L'autopsie des six personnes retrouvées mortes à leur domicile de Pouzauges (Vendée) a confirmé la violence des coups

Les enquêteurs penchent pour la thèse du drame familial. C'est le grand-père maternel qui a fait la découverte macabre dimanche.Le Dr Emmanuel Bécaud, 34 ans, a été retrouvé pendu. Sa femme et leurs enfants (3 à 9 ans) portaient des traces de coups violents à la tête, portés avec une arme "contondante", selon des sources proches de l'enquête.

La maison de Pouzauges (Vendée) où s\'est produit le drame
La maison de Pouzauges (Vendée) où s'est produit le drame (France 2)

Les enquêteurs penchent pour la thèse du drame familial.

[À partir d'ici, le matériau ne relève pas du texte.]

(* Fix an integer $L\ge 1$ and a real $r\in[0,\frac{L}{L+1})$. There exist an integer $N=N(r,L)$ and a function $g:\mathbb{N}\to[0,\infty)$ with $g(n)\to0$ as $n\to\infty$ such that for every integer $q\ge \max\{2,L\}$ and every $n\ge N$ with $rn\in\mathbb{N}$, every $(r,L)$ list-decodable code $C\subseteq[q]^n$ has $$|C|\le (1+g(n))\,q^{\,n-\lfloor\frac{L+1}{L}rn\rfloor}.$$
   Context: $[q]=\{1,\dots,q\}$. A code is a subset $C\subseteq[q]^n$. The Hamming distance $d(x,y)$ is the number of coordinates where $x,y$ differ, and $B_t(v)$ is the Hamming ball of radius $t$ around $v$ in $[q]^n$. A code $C$ is $(r,L)$ list-decodable if $|B_{rn}(v)\cap C|\le L$ for all $v\in[q]^n$. *)

theory Defs
  imports Complex_Main "HOL-Library.FuncSet"
begin

text \<open>Words of length n over the alphabet [q] = {1..q}, as extensional functions on the
  coordinate set {0..<n}.\<close>
definition words :: "nat \<Rightarrow> nat \<Rightarrow> (nat \<Rightarrow> nat) set" where
  "words q n = PiE {..<n} (\<lambda>_. {1..q})"

definition hamming_dist :: "nat \<Rightarrow> (nat \<Rightarrow> nat) \<Rightarrow> (nat \<Rightarrow> nat) \<Rightarrow> nat" where
  "hamming_dist n x y = card {i \<in> {..<n}. x i \<noteq> y i}"

definition hamming_ball :: "nat \<Rightarrow> nat \<Rightarrow> real \<Rightarrow> (nat \<Rightarrow> nat) \<Rightarrow> (nat \<Rightarrow> nat) set" where
  "hamming_ball q n t v = {x \<in> words q n. real (hamming_dist n x v) \<le> t}"

definition list_decodable :: "nat \<Rightarrow> nat \<Rightarrow> real \<Rightarrow> nat \<Rightarrow> (nat \<Rightarrow> nat) set \<Rightarrow> bool" where
  "list_decodable q n r L C \<longleftrightarrow>
     (\<forall>v \<in> words q n. card (hamming_ball q n (r * real n) v \<inter> C) \<le> L)"

end

theory Submission
  imports Defs "HOL-Library.Disjoint_Sets"
begin

text \<open>
  Put t = r n, s = \<lfloor>(L + 1) t / L\<rfloor> and k = n - s. Everything rests on one observation: if
  L + 1 codewords can be given disjoint shares of the coordinates so that each of them lies within
  distance t of the word that copies every codeword on its share and a fixed word elsewhere,
  list decodability is violated.

  This first gives the Singleton-type bound card C \<le> L q^(n - s). Next, projecting C onto each
  k-set of coordinates and averaging gives card C \<le> q^k plus the sum over pairs x \<noteq> y of
  ((n - d(x, y)) choose k) / (n choose k). By the observation, a (k + 1)-set of coordinates
  meets the disagreement set of x and y in at most one point for fewer than L codewords y; hence
  the pairs at distance more than \<delta> contribute at most
  (L - 1) (n - k) / ((k + 1) (\<delta> + 1)) card C, which is O(card C / n) for \<delta> proportional to n.

  The pairs at distance at most \<delta> only involve codewords with a close neighbour. There are at
  most L times as many of those as points in a maximal 2 \<delta>-separated set of them, and that set
  is list decodable with radius t - \<delta> and list size L div 2; by the Singleton-type bound it has
  O(q^(n - s')) points, and for \<delta> = t / (4 L) the gain s' - s grows linearly in n.
\<close>

section \<open>Hamming distance and list decoding\<close>

definition disagreement :: "nat \<Rightarrow> (nat \<Rightarrow> nat) \<Rightarrow> (nat \<Rightarrow> nat) \<Rightarrow> nat set" where
  "disagreement n x y = {i \<in> {..<n}. x i \<noteq> y i}"

lemma hamming_dist_eq_card_disagreement: "hamming_dist n x y = card (disagreement n x y)"
  by (simp add: hamming_dist_def disagreement_def)

lemma disagreement_subset: "disagreement n x y \<subseteq> {..<n}"
  by (auto simp: disagreement_def)

lemma finite_disagreement [simp]: "finite (disagreement n x y)"
  by (simp add: disagreement_def)

lemma hamming_dist_commute: "hamming_dist n x y = hamming_dist n y x"
  unfolding hamming_dist_def by (simp add: eq_commute)

lemma hamming_dist_self [simp]: "hamming_dist n x x = 0"
  by (simp add: hamming_dist_def)

lemma hamming_dist_triangle: "hamming_dist n x z \<le> hamming_dist n x y + hamming_dist n y z"
proof -
  have "disagreement n x z \<subseteq> disagreement n x y \<union> disagreement n y z"
    by (auto simp: disagreement_def)
  then have "card (disagreement n x z) \<le> card (disagreement n x y \<union> disagreement n y z)"
    by (intro card_mono) (auto simp: disagreement_def)
  also have "\<dots> \<le> card (disagreement n x y) + card (disagreement n y z)"
    by (rule card_Un_le)
  finally show ?thesis
    by (simp add: hamming_dist_eq_card_disagreement)
qed

lemma finite_words: "finite (words q n)"
  unfolding words_def by (intro finite_PiE) auto

lemma card_words: "card (words q n) = q ^ n"
  unfolding words_def by (simp add: card_PiE)

lemma finite_subset_words: "C \<subseteq> words q n \<Longrightarrow> finite C"
  using finite_subset finite_words by blast

lemma words_range: "c \<in> words q n \<Longrightarrow> j < n \<Longrightarrow> c j \<in> {1..q}"
  by (auto simp: words_def PiE_iff)

definition list_decodable_radius :: "nat \<Rightarrow> nat \<Rightarrow> nat \<Rightarrow> nat \<Rightarrow> (nat \<Rightarrow> nat) set \<Rightarrow> bool" where
  "list_decodable_radius q n t L C \<longleftrightarrow>
     (\<forall>v \<in> words q n. card {c \<in> C. hamming_dist n c v \<le> t} \<le> L)"

lemma list_decodable_iff_radius:
  assumes "C \<subseteq> words q n" and "r * real n = real t"
  shows "list_decodable q n r L C \<longleftrightarrow> list_decodable_radius q n t L C"
proof -
  have "hamming_ball q n (r * real n) v \<inter> C = {c \<in> C. hamming_dist n c v \<le> t}" for v
    using assms unfolding hamming_ball_def by auto
  then show ?thesis
    unfolding list_decodable_def list_decodable_radius_def by simp
qed

lemma list_decodable_radius_card_le:
  assumes "list_decodable_radius q n t L C" and "finite C" and "v \<in> words q n"
    and "S \<subseteq> C" and "\<And>c. c \<in> S \<Longrightarrow> hamming_dist n c v \<le> t"
  shows "card S \<le> L"
proof -
  have "card S \<le> card {c \<in> C. hamming_dist n c v \<le> t}"
    using assms(2,4,5) by (intro card_mono) auto
  also have "\<dots> \<le> L"
    using assms(1,3) unfolding list_decodable_radius_def by blast
  finally show ?thesis .
qed

section \<open>Common centres and the Singleton-type bound\<close>

lemma exists_disjoint_family_with_card:
  assumes "finite S" and "finite R" and "(\<Sum>c\<in>S. a c) \<le> card R"
  shows "\<exists>P. (\<forall>c\<in>S. P c \<subseteq> R \<and> card (P c) = a c) \<and> disjoint_family_on P S"
  using assms
proof (induction S arbitrary: R rule: finite_induct)
  case empty
  show ?case
    by (simp add: disjoint_family_on_def)
next
  case (insert c S)
  then have "a c \<le> card R" by simp
  then obtain T where T: "T \<subseteq> R" "card T = a c"
    by (rule obtain_subset_with_card_n)
  have "(\<Sum>c\<in>S. a c) \<le> card (R - T)"
    using insert T by (simp add: card_Diff_subset finite_subset)
  then obtain P where P: "\<forall>c\<in>S. P c \<subseteq> R - T \<and> card (P c) = a c" "disjoint_family_on P S"
    using insert by (meson finite_Diff)
  have "disjoint_family_on (P(c := T)) S"
    using P(2) insert.hyps(2) by (auto simp: disjoint_family_on_def)
  then have "disjoint_family_on (P(c := T)) (insert c S)"
    using P(1) insert.hyps(2) by (subst disjoint_family_on_insert) auto
  moreover have "\<forall>d\<in>insert c S. (P(c := T)) d \<subseteq> R \<and> card ((P(c := T)) d) = a d"
    using P(1) T insert.hyps(2) by auto
  ultimately show ?case
    by blast
qed

text \<open>Each word c of S is granted a private set of a c coordinates of R on which the centre
  copies c; everywhere else the centre copies x.\<close>
lemma exists_center:
  assumes S: "finite S" "S \<subseteq> words q n" and x: "x \<in> words q n" and R: "R \<subseteq> {..<n}"
    and budget: "(\<Sum>c\<in>S. a c) \<le> card R"
  obtains v where "v \<in> words q n"
    and "\<And>c. c \<in> S \<Longrightarrow> hamming_dist n c v \<le> card {j \<in> {..<n} - R. c j \<noteq> x j} + (card R - a c)"
proof -
  have fR: "finite R"
    using R finite_subset by blast
  obtain P where P: "\<forall>c\<in>S. P c \<subseteq> R \<and> card (P c) = a c" and disj: "disjoint_family_on P S"
    using exists_disjoint_family_with_card[OF S(1) fR budget] by blast
  define owner where "owner j = (SOME c. c \<in> S \<and> j \<in> P c)" for j
  have owner: "owner j = c" if "c \<in> S" "j \<in> P c" for c j
    unfolding owner_def
    using that disj by (intro some_equality) (auto simp: disjoint_family_on_def)
  define v where "v = (\<lambda>j. if j < n then if j \<in> (\<Union>c\<in>S. P c) then owner j j else x j else undefined)"
  have "v j \<in> {1..q}" if "j < n" for j
  proof (cases "j \<in> (\<Union>c\<in>S. P c)")
    case True
    then obtain c where "c \<in> S" "j \<in> P c"
      by blast
    then show ?thesis
      using S(2) that owner words_range by (auto simp: v_def)
  next
    case False
    then show ?thesis
      using x that words_range by (simp add: v_def)
  qed
  then have "v \<in> words q n"
    by (auto simp: v_def words_def PiE_iff extensional_def)
  moreover have "hamming_dist n c v \<le> card {j \<in> {..<n} - R. c j \<noteq> x j} + (card R - a c)"
    if c: "c \<in> S" for c
  proof -
    have "disagreement n c v \<subseteq> {j \<in> {..<n} - R. c j \<noteq> x j} \<union> (R - P c)"
      using P c owner by (auto simp: disagreement_def v_def)
    then have "card (disagreement n c v) \<le> card ({j \<in> {..<n} - R. c j \<noteq> x j} \<union> (R - P c))"
      using fR by (intro card_mono) auto
    also have "\<dots> \<le> card {j \<in> {..<n} - R. c j \<noteq> x j} + card (R - P c)"
      by (rule card_Un_le)
    also have "card (R - P c) = card R - a c"
      using P c fR by (metis card_Diff_subset finite_subset)
    finally show ?thesis
      by (simp add: hamming_dist_eq_card_disagreement)
  qed
  ultimately show ?thesis
    using that by blast
qed

lemma card_le_of_coordinate_budget:
  assumes C: "C \<subseteq> words q n" and dec: "list_decodable_radius q n t L C"
    and S: "S \<subseteq> C" and x: "x \<in> words q n" and R: "R \<subseteq> {..<n}"
    and budget: "(\<Sum>c\<in>S. a c) \<le> card R"
    and within: "\<And>c. c \<in> S \<Longrightarrow> card {j \<in> {..<n} - R. c j \<noteq> x j} + (card R - a c) \<le> t"
  shows "card S \<le> L"
proof -
  have fC: "finite C"
    using C by (rule finite_subset_words)
  then have "finite S" "S \<subseteq> words q n"
    using S C finite_subset by auto
  then obtain v where v: "v \<in> words q n"
    and dist: "\<And>c. c \<in> S \<Longrightarrow> hamming_dist n c v \<le> card {j \<in> {..<n} - R. c j \<noteq> x j} + (card R - a c)"
    using exists_center[OF _ _ x R budget] by blast
  show ?thesis
    using list_decodable_radius_card_le[OF dec fC v S] dist within order_trans by blast
qed

lemma card_le_mult_card_image:
  assumes "finite A" and "\<And>b. b \<in> f ` A \<Longrightarrow> card {a \<in> A. f a = b} \<le> m"
  shows "card A \<le> m * card (f ` A)"
proof -
  have "card A = (\<Sum>b\<in>f ` A. card {a \<in> A. f a = b})"
    using sum.image_gen[OF assms(1), of "\<lambda>_. 1 :: nat" f] by simp
  also have "\<dots> \<le> (\<Sum>b\<in>f ` A. m)"
    by (intro sum_mono assms(2))
  finally show ?thesis
    by (simp add: mult.commute)
qed

lemma Suc_mult_diff_le:
  fixes L s t :: nat
  assumes "L * s \<le> (L + 1) * t"
  shows "(L + 1) * (s - t) \<le> s" and "(s - 1 - t) + L * (s - t) \<le> s - 1"
proof -
  show "(L + 1) * (s - t) \<le> s"
    using assms by (cases "t \<le> s") (auto simp: algebra_simps diff_mult_distrib2)
  show "(s - 1 - t) + L * (s - t) \<le> s - 1"
  proof (cases "t < s")
    case True
    then obtain m where s: "s = t + m" "0 < m"
      using less_imp_add_positive by blast
    then have "L * m \<le> t"
      using assms by (simp add: algebra_simps)
    then show ?thesis
      using s by simp
  qed simp
qed

lemma card_restrict_words_le:
  assumes "C \<subseteq> words q n" and "A \<subseteq> {..<n}"
  shows "card ((\<lambda>c. restrict c A) ` C) \<le> q ^ card A"
proof -
  have "finite A"
    using assms(2) finite_subset by blast
  moreover have "c j \<in> {1..q}" if "c \<in> C" "j \<in> A" for c j
    using assms that words_range by blast
  then have "(\<lambda>c. restrict c A) ` C \<subseteq> PiE A (\<lambda>_. {1..q})"
    by (auto simp: PiE_iff)
  ultimately show ?thesis
    using card_mono[of "PiE A (\<lambda>_. {1..q})"] by (simp add: card_PiE finite_PiE)
qed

C'est le grand-père maternel qui a fait la découverte macabre dimanche.

Le Dr Emmanuel Bécaud, 34 ans, a été retrouvé pendu. Sa femme et leurs enfants (3 à 9 ans) portaient des traces de coups violents à la tête, portés avec une arme "contondante", selon des sources proches de l'enquête.

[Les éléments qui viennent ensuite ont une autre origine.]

(* Let $(B,\|\cdot\|)$ be a real separable Banach space, let $X, X_1, X_2, \ldots$ be i.i.d. $B$-valued random variables with mean zero and $S_n=\sum_{i=1}^nX_i$. Let $\{c_n\}$ be a sequence of positive real numbers such that $c_n/\sqrt n$ is non-decreasing and tends to $\infty$, and such that for every $\epsilon>0$ there exists $m_\epsilon\ge1$ with $c_n/c_m\le(1+\epsilon)(n/m)$ whenever $m_\epsilon\le m<n$. Assume $\sum_{n=1}^\infty\mathbb{P}\{\|X\|\ge c_n\}<\infty$. Then: (a) $\{S_n/c_n;\ n\ge1\}$ is bounded in probability if and only if $\limsup_{n\to\infty}\mathbb{E}\|S_n\|/c_n<\infty$; (b) $S_n/c_n\to0$ in probability if and only if $\mathbb{E}\|S_n\|/c_n\to0$. *)

theory Defs
  imports "HOL-Probability.Probability"
begin

definition partial_sum :: "(nat \<Rightarrow> 'a \<Rightarrow> 'b::real_normed_vector) \<Rightarrow> nat \<Rightarrow> 'a \<Rightarrow> 'b" where
  "partial_sum Xs n = (\<lambda>\<omega>. \<Sum>i\<in>{1..n}. Xs i \<omega>)"

definition bounded_in_prob :: "'a measure \<Rightarrow> (nat \<Rightarrow> 'a \<Rightarrow> 'b::real_normed_vector) \<Rightarrow> bool" where
  "bounded_in_prob M Y \<longleftrightarrow>
     (\<forall>\<epsilon>>0. \<exists>K. \<forall>n\<ge>1. measure M {\<omega>\<in>space M. norm (Y n \<omega>) > K} \<le> \<epsilon>)"

definition tendsto_zero_in_prob :: "'a measure \<Rightarrow> (nat \<Rightarrow> 'a \<Rightarrow> 'b::real_normed_vector) \<Rightarrow> bool" where
  "tendsto_zero_in_prob M Y \<longleftrightarrow>
     (\<forall>\<epsilon>>0. (\<lambda>n. measure M {\<omega>\<in>space M. norm (Y n \<omega>) > \<epsilon>}) \<longlonglongrightarrow> 0)"

end

(*
  Markov's inequality gives the two implications from the expectations to the probabilities.
  Conversely, suppose P(|S_k| > K) <= 1/32 for all k <= n. Splitting the event
  {max_{k<=n} |S_k| > a} according to the first index at which |S_k| exceeds a makes it a
  disjoint union of events that depend only on X_1, ..., X_k and are therefore independent
  of the later increments. This yields Ottaviani's inequality, which bounds
  P(max_{k<=n} |S_k| > 4K) by 1/8, and the Hoffmann-Jorgensen inequality
  P(max |S_k| > 3t + s) <= P(max |S_k| > t)^2 + P(W > s) for any W dominating the |X_i|.
  Integrating the latter over the levels gives E|S_n| <= 32 K + 8 E W, and with
  W = r + sum_i |X_i| 1{|X_i| > r} and K = r = delta c_n one gets
  E|S_n| / c_n <= 40 delta + 8 n E(|X|; |X| > delta c_n) / c_n.
  The last term tends to 0 by dominated convergence: the growth conditions on c bound
  n y / c_n on {y > delta c_n} by a multiple of #{k. c_k <= y}, whose expectation at |X|
  is the convergent series sum_k P(|X| >= c_k).
*)
theory Submission
  imports Defs
begin

section \<open>Layer-cake formula\<close>

lemma nn_integral_layer_cake:
  assumes "sigma_finite_measure M"
    and [measurable]: "Z \<in> borel_measurable M"
  shows "(\<integral>\<^sup>+x. ennreal (Z x) \<partial>M) =
         (\<integral>\<^sup>+u. emeasure M {x\<in>space M. u < Z x} * indicator {0..} u \<partial>lborel)"
proof -
  interpret M: sigma_finite_measure M by fact
  interpret pair_sigma_finite M lborel
    by (intro pair_sigma_finite.intro M.sigma_finite_measure_axioms lborel.sigma_finite_measure_axioms)
  define A where "A = {(x, u). 0 \<le> u \<and> u < Z x}"
  have "indicator A \<in> borel_measurable (M \<Otimes>\<^sub>M lborel)"
  proof -
    have "A \<inter> space (M \<Otimes>\<^sub>M lborel) \<in> sets (M \<Otimes>\<^sub>M lborel)"
      unfolding A_def by measurable
    then show ?thesis
      by (rule borel_measurable_indicator[THEN measurable_cong[THEN iffD1, rotated]])
         (auto simp: indicator_def space_pair_measure)
  qed
  have "(\<integral>\<^sup>+x. ennreal (Z x) \<partial>M) = (\<integral>\<^sup>+x. (\<integral>\<^sup>+u. indicator A (x, u) \<partial>lborel) \<partial>M)"
  proof (rule nn_integral_cong)
    fix x
    have "(\<lambda>u. indicator A (x, u) :: ennreal) = indicator {0..<Z x}"
      by (auto simp: A_def indicator_def fun_eq_iff)
    then show "ennreal (Z x) = (\<integral>\<^sup>+u. indicator A (x, u) \<partial>lborel)"
      by (cases "0 \<le> Z x") (auto simp: ennreal_neg)
  qed
  also have "\<dots> = (\<integral>\<^sup>+u. (\<integral>\<^sup>+x. indicator A (x, u) \<partial>M) \<partial>lborel)"
    by (rule Fubini[symmetric]) fact
  also have "\<dots> = (\<integral>\<^sup>+u. emeasure M {x\<in>space M. u < Z x} * indicator {0..} u \<partial>lborel)"
  proof (rule nn_integral_cong)
    fix u :: real
    have "(\<integral>\<^sup>+x. indicator A (x, u) \<partial>M) =
          (\<integral>\<^sup>+x. indicator {x\<in>space M. u < Z x} x * indicator {0..} u \<partial>M)"
      by (intro nn_integral_cong) (auto simp: A_def indicator_def)
    then show "(\<integral>\<^sup>+x. indicator A (x, u) \<partial>M) = emeasure M {x\<in>space M. u < Z x} * indicator {0..} u"
      by (simp add: nn_integral_multc)
  qed
  finally show ?thesis .
qed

La première autopsie réalisée lundi après-midi a confirmé les "violences importantes" que la femme, découverte en tenue de nuit, a subies, avec de "multiples coups de couteau sur le visage, à peu près une douzaine", "une plaie pénétrante au poumon", "une trace de fracture du crâne avec un objet contondant" et "un égorgement assez profond", a précisé Xavier Pavageau, procureur de la République de La Roche-sur-Yon.

Le mari, qui selon l'hypothèse privilégiée du drame familial est à l'origine des cinq autres morts, a été retrouvé pendu dans le salon, portant des vêtements sans aucune tache de sang, avec quelques traces de blessures aux pieds. Aucun vêtement souillé de sang n'a été retrouvé lundi par les enquêteurs au domicile.

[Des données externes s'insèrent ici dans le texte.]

(* Let $c_1,c_2>0$ be constants and let $G$ be a $(2n,d,b)$-clustered regular graph with $\frac bd\le c_1n^{-1/2}$ and $\lambda\le c_2n^{-1/4}$. Consider the 2-Choices dynamics on $G$ started from an initial configuration in which each node $u\in V$ chooses a color in $\{red,blue\}$ uniformly at random and independently of the others. Then, with constant probability, within $\mathcal{O}(\log\log n)$ rounds the process reaches a configuration $\mathbf c^{(t)}$ such that $s^{(t)}_1\ge\sqrt n\log n$ and $-s^{(t)}_2\ge\sqrt n\log n$.
   Context: A $(2n,d,b)$-clustered regular graph is a graph $G=(V,E)$ with $V=V_1\cup V_2$ disjoint, $|V_1|=|V_2|=n$, every node of degree $d$, every node of $V_1$ having exactly $b$ neighbors in $V_2$ and vice versa; each $V_i$ induces a $(d-b)$-regular graph, assumed connected and non-bipartite. $\lambda:=\max(|\lambda_2|,|\lambda_n|,|\mu_2|,|\mu_n|)$, where $\lambda_1\ge\dots\ge\lambda_n$ and $\mu_1\ge\dots\ge\mu_n$ are the eigenvalues of the simple random walk transition matrices of the subgraphs induced by $V_1$ and $V_2$. $s^{(t)}_i$ is the number of red minus the number of blue nodes in $V_i$ at time $t$. 2-Choices dynamics: in each synchronous round every node independently samples two neighbors uniformly at random with replacement and, if both have the same color, adopts it; otherwise it keeps its color. "Constant probability" means probability at least a positive constant independent of $n$ (depending only on $c_1,c_2$); asymptotic notation refers to $n\to\infty$. *)

theory Defs
  imports "HOL-Probability.Probability" "Jordan_Normal_Form.Char_Poly"
begin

"C'était une famille sans histoire, sa femme participait à l'association des parents d'élèves de l'école libre. Ils étaient intégrés", a expliqué le maire de Pouzauges. La famille était installée "depuis une dizaine d'années" à Pouzauges dans cette commune de 5.600 habitants.

Le père de famille, un médecin généraliste qui exerçait dans la commune voisine de Montournais, "était investi dans sa profession de médecin généraliste et avait le souci du devenir de la médecine en zone rurale", a poursuivi l'élu. L'entourage du médecin a évoqué "un professionnel en situation de surmenage, de stress professionnel".

Des anxiolytiques et de la morphine ont aussi été trouvés dans les poches du père et l'armoire à pharmacie. Des analyses toxicologiques doivent être réalisées pour vérifier l'existence de traces de ces médicaments dans le corps des victimes.